* **Task details**:
In the entries, find all lines that hold the word "legs" and copy them.
==== Dataset extract
lemma outer_2_horn_filling_inverse:
  assumes f: "f \<in> Arr C"
  shows "\<exists>g\<in>Arr C. Dom C g = Cod C f \<and> Cod C g = Dom C f \<and>
     Comp C g f = Id C (Dom C f) \<and> Comp C f g = Id C (Cod C f)"
proof -
  obtain g where g: "g \<in> Arr C" "Dom C g = Cod C f" "Cod C g = Dom C f" "Comp C f g = Id C (Cod C f)"
    using outer_2_horn_filling_right_inverse[OF f] .
  obtain h where h: "h \<in> Arr C" "Dom C h = Cod C f" "Comp C h f = Id C (Dom C f)"
    using outer_2_horn_filling_left_inverse[OF f] .
  have "h = Comp C h (Comp C f g)" using g h by simp
  also have "\<dots> = Comp C (Comp C h f) g" using f g h by (intro comp_assoc) auto
  also have "\<dots> = g" using g h by simp
  finally show ?thesis using g h by blast
qed

end

end

section \<open>The nerve of a groupoid\<close>

locale groupoid = small_category C for C :: "('o, 'm) category" +
  assumes invertible: "f \<in> Arr C \<Longrightarrow> \<exists>g\<in>Arr C. Dom C g = Cod C f \<and> Cod C g = Dom C f \<and>
     Comp C g f = Id C (Dom C f) \<and> Comp C f g = Id C (Cod C f)"

lemma (in small_category) outer_2_horn_filling_groupoid:
  "outer_2_horn_filling N d \<Longrightarrow> groupoid C"
  using is_category outer_2_horn_filling_inverse
  by (intro groupoid.intro small_category.intro groupoid_axioms.intro)

context groupoid
begin

definition arr_inv :: "'m \<Rightarrow> 'm" where
  "arr_inv f = (SOME g. g \<in> Arr C \<and> Dom C g = Cod C f \<and> Cod C g = Dom C f \<and>
     Comp C g f = Id C (Dom C f) \<and> Comp C f g = Id C (Cod C f))"

lemma arr_inv:
  assumes "f \<in> Arr C"
  shows arr_inv_arr [simp]: "arr_inv f \<in> Arr C"
    and dom_arr_inv [simp]: "Dom C (arr_inv f) = Cod C f"
    and cod_arr_inv [simp]: "Cod C (arr_inv f) = Dom C f"
    and comp_arr_inv_arr [simp]: "Comp C (arr_inv f) f = Id C (Dom C f)"
    and comp_arr_arr_inv [simp]: "Comp C f (arr_inv f) = Id C (Cod C f)"
  using someI_ex[OF invertible[OF assms, unfolded Bex_def]] by (simp_all add: arr_inv_def)

definition arr_div :: "'m \<Rightarrow> 'm \<Rightarrow> 'm" where
  "arr_div h g = Comp C h (arr_inv g)"

context
  fixes g h :: 'm
  assumes g: "g \<in> Arr C" and h: "h \<in> Arr C" and dom_eq: "Dom C h = Dom C g"
begin

lemma arr_div_arr [simp]: "arr_div h g \<in> Arr C"
  and dom_arr_div [simp]: "Dom C (arr_div h g) = Cod C g"
  and cod_arr_div [simp]: "Cod C (arr_div h g) = Cod C h"
  using g h dom_eq by (simp_all add: arr_div_def)

lemma comp_arr_div_cancel: "Comp C (arr_div h g) g = h"
proof -
  have "Comp C (arr_div h g) g = Comp C h (Comp C (arr_inv g) g)"
    unfolding arr_div_def using g h dom_eq by (intro comp_assoc[symmetric]) auto
  then show ?thesis using g h dom_eq by simp
qed

end

lemma arr_div_self: "g \<in> Arr C \<Longrightarrow> arr_div g g = Id C (Cod C g)"
  by (simp add: arr_div_def)

lemma arr_div_comp_cancel:
  assumes "f \<in> Arr C" "g \<in> Arr C" "Cod C f = Dom C g"
  shows "arr_div (Comp C g f) f = g"
proof -
  have "arr_div (Comp C g f) f = Comp C g (Comp C f (arr_inv f))"
    unfolding arr_div_def using assms by (intro comp_assoc[symmetric]) auto
  then show ?thesis using assms by simp
qed

lemma comp_arr_div:
  assumes "f \<in> Arr C" "g \<in> Arr C" "h \<in> Arr C" "Dom C g = Dom C f" "Dom C h = Dom C f"
  shows "Comp C (arr_div h g) (arr_div g f) = arr_div h f"
proof -
  have "Comp C (arr_div h g) (arr_div g f) = Comp C (Comp C (arr_div h g) g) (arr_inv f)"
    unfolding arr_div_def[of g f] using assms by (intro comp_assoc) auto
  then show ?thesis using assms comp_arr_div_cancel by (simp add: arr_div_def[of h f])
qed


definition vertex_arrow :: "'o \<times> 'm list \<Rightarrow> nat \<Rightarrow> nat \<Rightarrow> 'm" where
  "vertex_arrow x u v = arr_div (edge x 0 v) (edge x 0 u)"

context
  fixes x m
  assumes x: "x \<in> N m"
begin

lemma vertex_arrow_arr:
  "u \<le> m \<Longrightarrow> v \<le> m \<Longrightarrow> vertex_arrow x u v \<in> Arr C \<and>
     Dom C (vertex_arrow x u v) = vertex x u \<and> Cod C (vertex_arrow x u v) = vertex x v"
  using edge_arr[OF x, of 0 u] edge_arr[OF x, of 0 v] by (simp add: vertex_arrow_def)

lemma comp_vertex_arrow:
  "u \<le> m \<Longrightarrow> v \<le> m \<Longrightarrow> w \<le> m \<Longrightarrow>
     Comp C (vertex_arrow x v w) (vertex_arrow x u v) = vertex_arrow x u w"
  using edge_arr[OF x, of 0 u] edge_arr[OF x, of 0 v] edge_arr[OF x, of 0 w]
  by (simp add: vertex_arrow_def comp_arr_div)

lemma vertex_arrow_edge: "u \<le> v \<Longrightarrow> v \<le> m \<Longrightarrow> vertex_arrow x u v = edge x u v"
  using edge_trans[OF x, of 0 u v] edge_arr[OF x, of 0 u] edge_arr[OF x, of u v]
  by (simp add: vertex_arrow_def arr_div_comp_cancel)

lemma arr_div_vertex_arrow:
  assumes "r \<le> m" "u \<le> m" "v \<le> m"
  shows "arr_div (vertex_arrow x r v) (vertex_arrow x r u) = vertex_arrow x u v"
  using comp_vertex_arrow[of r u v] vertex_arrow_arr[of r u] vertex_arrow_arr[of u v] assms
  by (metis arr_div_comp_cancel)

end

lemma vertex_arrow_face:
  assumes x: "x \<in> N n" and n: "1 \<le> n" and i: "i \<le> n" and uv: "u \<le> n - 1" "v \<le> n - 1"
  shows "vertex_arrow (d i x) u v = vertex_arrow x (coface i u) (coface i v)"
proof -
  have "vertex_arrow (d i x) u v = arr_div (edge x (coface i 0) (coface i v)) (edge x (coface i 0) (coface i u))"
    using edge_face[OF x n i] uv by (simp add: vertex_arrow_def)
  also have "\<dots> = arr_div (vertex_arrow x (coface i 0) (coface i v)) (vertex_arrow x (coface i 0) (coface i u))"
    using vertex_arrow_edge[OF x] coface_mono[of 0] coface_le n uv by simp
  also have "\<dots> = vertex_arrow x (coface i u) (coface i v)"
    using arr_div_vertex_arrow[OF x] coface_le n uv by simp
  finally show ?thesis .
qed

definition cone_simplex :: "(nat \<Rightarrow> 'm) \<Rightarrow> nat \<Rightarrow> 'o \<times> 'm list" where
  "cone_simplex H n = simplex_of (\<lambda>u. Cod C (H u)) (\<lambda>u v. arr_div (H v) (H u)) n"

context
  fixes H :: "nat \<Rightarrow> 'm" and n :: nat and c :: 'o
  assumes cone: "\<And>v. v \<le> n \<Longrightarrow> H v \<in> Arr C \<and> Dom C (H v) = c"
begin

lemma cone_functor:
  shows "\<And>u v. u \<le> v \<Longrightarrow> v \<le> n \<Longrightarrow> arr_div (H v) (H u) \<in> Arr C \<and>
      Dom C (arr_div (H v) (H u)) = Cod C (H u) \<and> Cod C (arr_div (H v) (H u)) = Cod C (H v)"
    and "\<And>u. u \<le> n \<Longrightarrow> arr_div (H u) (H u) = Id C (Cod C (H u))"
    and "\<And>u v w. u \<le> v \<Longrightarrow> v \<le> w \<Longrightarrow> w \<le> n \<Longrightarrow>
      Comp C (arr_div (H w) (H v)) (arr_div (H v) (H u)) = arr_div (H w) (H u)"
  using cone by (simp_all add: arr_div_self comp_arr_div)

lemma cone_simplex_in_nerve: "cone_simplex H n \<in> N n"
  unfolding cone_simplex_def using cone_functor by (rule simplex_of_in_nerve)

lemma edge_cone_simplex: "u \<le> v \<Longrightarrow> v \<le> n \<Longrightarrow> edge (cone_simplex H n) u v = arr_div (H v) (H u)"
  unfolding cone_simplex_def using cone_functor by (rule edge_simplex_of)

lemma vertex_cone_simplex: "u \<le> n \<Longrightarrow> vertex (cone_simplex H n) u = Cod C (H u)"
  unfolding cone_simplex_def using cone_functor by (rule vertex_simplex_of)

lemma face_cone_simplex:
  assumes n: "1 \<le> n" and i: "i \<le> n" and y: "y \<in> N (n - 1)" and r: "r \<le> n" "r \<noteq> i"
    and H_eq: "\<And>v. v \<le> n \<Longrightarrow> v \<noteq> i \<Longrightarrow> H v = vertex_arrow y (coface_inv i r) (coface_inv i v)"
  shows "d i (cone_simplex H n) = y"
proof (rule nerve_simplex_eqI[OF face_in_nerve[OF cone_simplex_in_nerve n i] y])
  have r': "coface_inv i r \<le> n - 1" using coface_inv_le r i by simp
  have "vertex (d i (cone_simplex H n)) 0 = Cod C (H (coface i 0))"
    using vertex_face[OF cone_simplex_in_nerve n i, of 0] vertex_cone_simplex coface_le[of 0 n i] n
    by simp
  also have "\<dots> = vertex y 0"
    using H_eq[of "coface i 0"] vertex_arrow_arr[OF y r', of 0] coface_le[of 0 n i] n by simp
  finally show "vertex (d i (cone_simplex H n)) 0 = vertex y 0" .
  fix j assume j: "j < n - 1"
  have le: "coface i j \<le> coface i (Suc j)" "coface i (Suc j) \<le> n"
    using coface_mono[of j "Suc j" i] coface_le[of "Suc j" n i] j by auto
  have "edge (d i (cone_simplex H n)) j (Suc j) = arr_div (H (coface i (Suc j))) (H (coface i j))"
    using edge_face[OF cone_simplex_in_nerve n i, of j "Suc j"] edge_cone_simplex le j by simp
  also have "\<dots> = arr_div (vertex_arrow y (coface_inv i r) (Suc j)) (vertex_arrow y (coface_inv i r) j)"
    using H_eq[of "coface i j"] H_eq[of "coface i (Suc j)"] le by simp
  also have "\<dots> = edge y j (Suc j)"
    using arr_div_vertex_arrow[OF y r', of j "Suc j"] vertex_arrow_edge[OF y, of j "Suc j"] j by simp
  finally show "edge (d i (cone_simplex H n)) j (Suc j) = edge y j (Suc j)" .
qed

end

lemma SS_filler:
  assumes n: "1 < n" and pq: "p < q" "q \<le> n" and cp: "cp \<in> N (n - 1)" and cq: "cq \<in> N (n - 1)"
    and compatible: "d p cq = d (q - 1) cp"
  shows "\<exists>x\<in>N n. d p x = cp \<and> d q x = cq"
proof -
  have n1: "1 \<le> n - 1" using n by simp
  have common: "vertex_arrow cq (coface_inv q u) (coface_inv q v) =
      vertex_arrow cp (coface_inv p u) (coface_inv p v)"
    if uv: "u \<le> n" "v \<le> n" "u \<noteq> p" "u \<noteq> q" "v \<noteq> p" "v \<noteq> q" for u v
  proof -
    let ?u = "coface_inv p (coface_inv q u)" and ?v = "coface_inv p (coface_inv q v)"
    have idx: "coface_inv q u \<noteq> p" "coface_inv q v \<noteq> p" "coface (q - 1) ?u = coface_inv p u"
      "coface (q - 1) ?v = coface_inv p v" "?u \<le> n - 1 - 1" "?v \<le> n - 1 - 1"
      using uv pq by (auto simp: coface_inv_def coface_def)
    have "vertex_arrow (d p cq) ?u ?v = vertex_arrow cq (coface_inv q u) (coface_inv q v)"
      using vertex_arrow_face[OF cq n1, of p ?u ?v] idx pq by (simp add: coface_coface_inv)
    moreover have "vertex_arrow (d (q - 1) cp) ?u ?v = vertex_arrow cp (coface_inv p u) (coface_inv p v)"
      using vertex_arrow_face[OF cp n1, of "q - 1" ?u ?v] idx pq by simp
    ultimately show ?thesis using compatible by simp
  qed
  \<comment> \<open>The filler is the cone at a vertex r outside {p, q}. Its legs are read off from cp,
    except the one to vertex p, which only cq sees; by \<open>common\<close> the legs also agree with cq.\<close>
  define r where "r = (if 0 < p then 0 else if 1 < q then 1 else (2::nat))"
  have r: "r \<le> n" "r \<noteq> p" "r \<noteq> q" using pq n by (auto simp: r_def)
  have r': "coface_inv p r \<le> n - 1" "coface_inv q r \<le> n - 1" using r pq coface_inv_le by auto
  define H where "H v = (if v = p then vertex_arrow cq (coface_inv q r) (coface_inv q p)
    else vertex_arrow cp (coface_inv p r) (coface_inv p v))" for v
  have same_apex: "vertex cq (coface_inv q r) = vertex cp (coface_inv p r)"
    using common[of r r] r vertex_arrow_arr[OF cq, of "coface_inv q r"] vertex_arrow_arr[OF cp, of "coface_inv p r"] r'
    by metis
  have cone: "\<And>v. v \<le> n \<Longrightarrow> H v \<in> Arr C \<and> Dom C (H v) = vertex cp (coface_inv p r)"
    using vertex_arrow_arr[OF cq, of "coface_inv q r" "coface_inv q p"]
      vertex_arrow_arr[OF cp, of "coface_inv p r"]
      coface_inv_le[of p n q] coface_inv_le[of _ n p] same_apex r' pq
    by (auto simp: H_def)
  have "d p (cone_simplex H n) = cp"
    by (rule face_cone_simplex[where y = cp and r = r]) (use cone cp r n pq in \<open>auto simp: H_def\<close>)
  moreover have "d q (cone_simplex H n) = cq"
    by (rule face_cone_simplex[where y = cq and r = r]) (use cone cq r n pq common[of r] in \<open>auto simp: H_def\<close>)
  moreover have "cone_simplex H n \<in> N n"
    by (rule cone_simplex_in_nerve) (use cone in auto)
  ultimately show ?thesis by blast
qed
========
* **Exercise solution**:
  \<comment> \<open>The filler is the cone at a vertex r outside {p, q}. Its legs are read off from cp,
    except the one to vertex p, which only cq sees; by \<open>common\<close> the legs also agree with cq.\<close>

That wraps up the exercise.